AT & T plans to lose about 1.1 million TV customers in the third quarter, facing pressure from a group of investors claiming that AT & T's increased focus on the television sector was a big mistake.

John Stephens, AT & T's Chief Financial Officer, told shareholders that "the company expects an additional video loss of 300,000 to 350,000 times higher than the premium video results of the previous quarter", according to AT & T. As it is an additional increase over the previous quarter 's loss, this will represent a loss of more than a million TV subscribers for three month.

In the second quarter of 2019, AT & T recorded a net loss of 778,000 subscribers in the "Premium Television" category, which includes its DirecTV and U-verse satellite television services. With AT & T expecting to lose as many subscribers more The shareholder update suggests that the third quarter loss in the category will be between 1,078,000 and 1,128,000 subscribers. (An AT & T spokesperson confirmed to Ars that an expected loss of 1,078,000 and 1,128,000 subscribers in the third quarter is accurate.)

In its update to shareholders, AT & T attributed the expected loss to "aggressive cost management in retransmission negotiations, some of which resulted in a network failure of content providers and a limitation of promotional rates". AT & T said it has held a "hard line in negotiations" with programmers to control costs, but the resulting power outages scare away TV subscribers.

The projected loss does not seem to include AT & T TV Now (formerly DirecTV Now), an online service that AT & T has not included in the Premium TV category in its earnings reports. . AT & T also lost 168,000 DirecTV Now / AT & T TV Now subscribers in the second quarter, but did not specify how the service would behave in the third quarter.

Including both pay TV and streaming service, the total number of AT & T video subscribers increased from 25.4 million in the second quarter of 2018 to 22.9 million in the second quarter of 2019 This number would fall to around 21.8 million after the third quarter if AT & T TV Now remained stable.

AT & T is betting on the decline of the television business

The pay-TV sector is struggling to compete with online streaming. Despite this, AT & T has made a huge gamble on video in recent years, buying DirecTV in 2015 and Time Warner Inc. in 2018.

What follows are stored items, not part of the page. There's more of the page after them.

lemma lin_on_diff:
  assumes L: "lin_on S L" and p: "p \<in> S" and q: "q \<in> S"
    and scale: "\<And>x c. x \<in> S \<Longrightarrow> (\<lambda>k. c * x k) \<in> S"
  shows "L (\<lambda>k. p k - q k) = (\<lambda>k. L p k - L q k)"
proof -
  have add: "\<forall>h\<in>S. \<forall>g\<in>S. L (\<lambda>k. h k + g k) = (\<lambda>k. L h k + L g k)"
    and hom: "\<forall>h\<in>S. \<forall>c. L (\<lambda>k. c * h k) = (\<lambda>k. c * L h k)"
    using L unfolding lin_on_def by blast+
  show ?thesis
    using add[rule_format, OF p scale[OF q, of "- 1"]] hom[rule_format, OF q, of "- 1"] by simp
qed

lemma bij_betw_inv_into_self:
  assumes "bij_betw f S S" and "y \<in> S"
  shows "inv_into S f y \<in> S" and "f (inv_into S f y) = y"
  using bij_betw_apply[OF bij_betw_inv_into[OF assms(1)] assms(2)] bij_betw_inv_into_right[OF assms]
  by simp_all

lemma lin_on_inv_into:
  assumes L: "lin_on S L" and bij: "bij_betw L S S"
    and add: "\<And>x y. x \<in> S \<Longrightarrow> y \<in> S \<Longrightarrow> (\<lambda>k. x k + y k) \<in> S"
    and scale: "\<And>x c. x \<in> S \<Longrightarrow> (\<lambda>k. c * x k) \<in> S"
  shows "lin_on S (inv_into S L)"
proof -
  let ?B = "inv_into S L"
  have B: "?B v \<in> S" "L (?B v) = v" if "v \<in> S" for v
    using bij_betw_inv_into_self[OF bij that] by simp_all
  have BL: "?B (L u) = u" if "u \<in> S" for u
    using bij that by (rule bij_betw_inv_into_left)
  have "?B (\<lambda>k. v k + v' k) = (\<lambda>k. ?B v k + ?B v' k)" if "v \<in> S" "v' \<in> S" for v v'
  proof -
    have "L (\<lambda>k. ?B v k + ?B v' k) = (\<lambda>k. v k + v' k)"
      using L B that unfolding lin_on_def by auto
    then show ?thesis using BL add B that by metis
  qed
  moreover have "?B (\<lambda>k. c * v k) = (\<lambda>k. c * ?B v k)" if "v \<in> S" for v c
  proof -
    have "L (\<lambda>k. c * ?B v k) = (\<lambda>k. c * v k)"
      using L B that unfolding lin_on_def by auto
    then show ?thesis using BL scale B that by metis
  qed
  ultimately show ?thesis using B unfolding lin_on_def by blast
qed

To get back on track, AT & T is banking on its new AT & T TV streaming service, different from AT & T TV Now, although its name is almost identical. Unlike AT & T TV Now, AT & T TV has two-year contracts, prices that automatically increase after one year, activation fees and early termination of service, regional sports fees and "some other fees and charges. additional charges ".

We do not understand why customers who have abandoned DirecTV or U-Verse would be tempted by a streaming service that duplicates the disadvantages and pricing structure of traditional cable and satellite television services. However, AT & T said that in 2020, "we expect an improvement in the trend of pay-TV subscribers thanks to a much smaller number of customers benefiting from promotional rates and the national launch of AT & T TV, which offers a streaming experience. "

AT & T said its performance for 2020 should also be helped by an increase in revenue per customer, as it limits the discounts offered to subscribers.

It does not say much, though. At its current pace, AT & T could dramatically improve subscriber trends while losing hundreds of thousands of TV customers each quarter.

An investor unveils AT & T TV's strategy

AT & T's TV strategy was criticized this week in an open letter from activist investor Elliott Management Corp., which holds a $ 3.2 billion stake in AT & T.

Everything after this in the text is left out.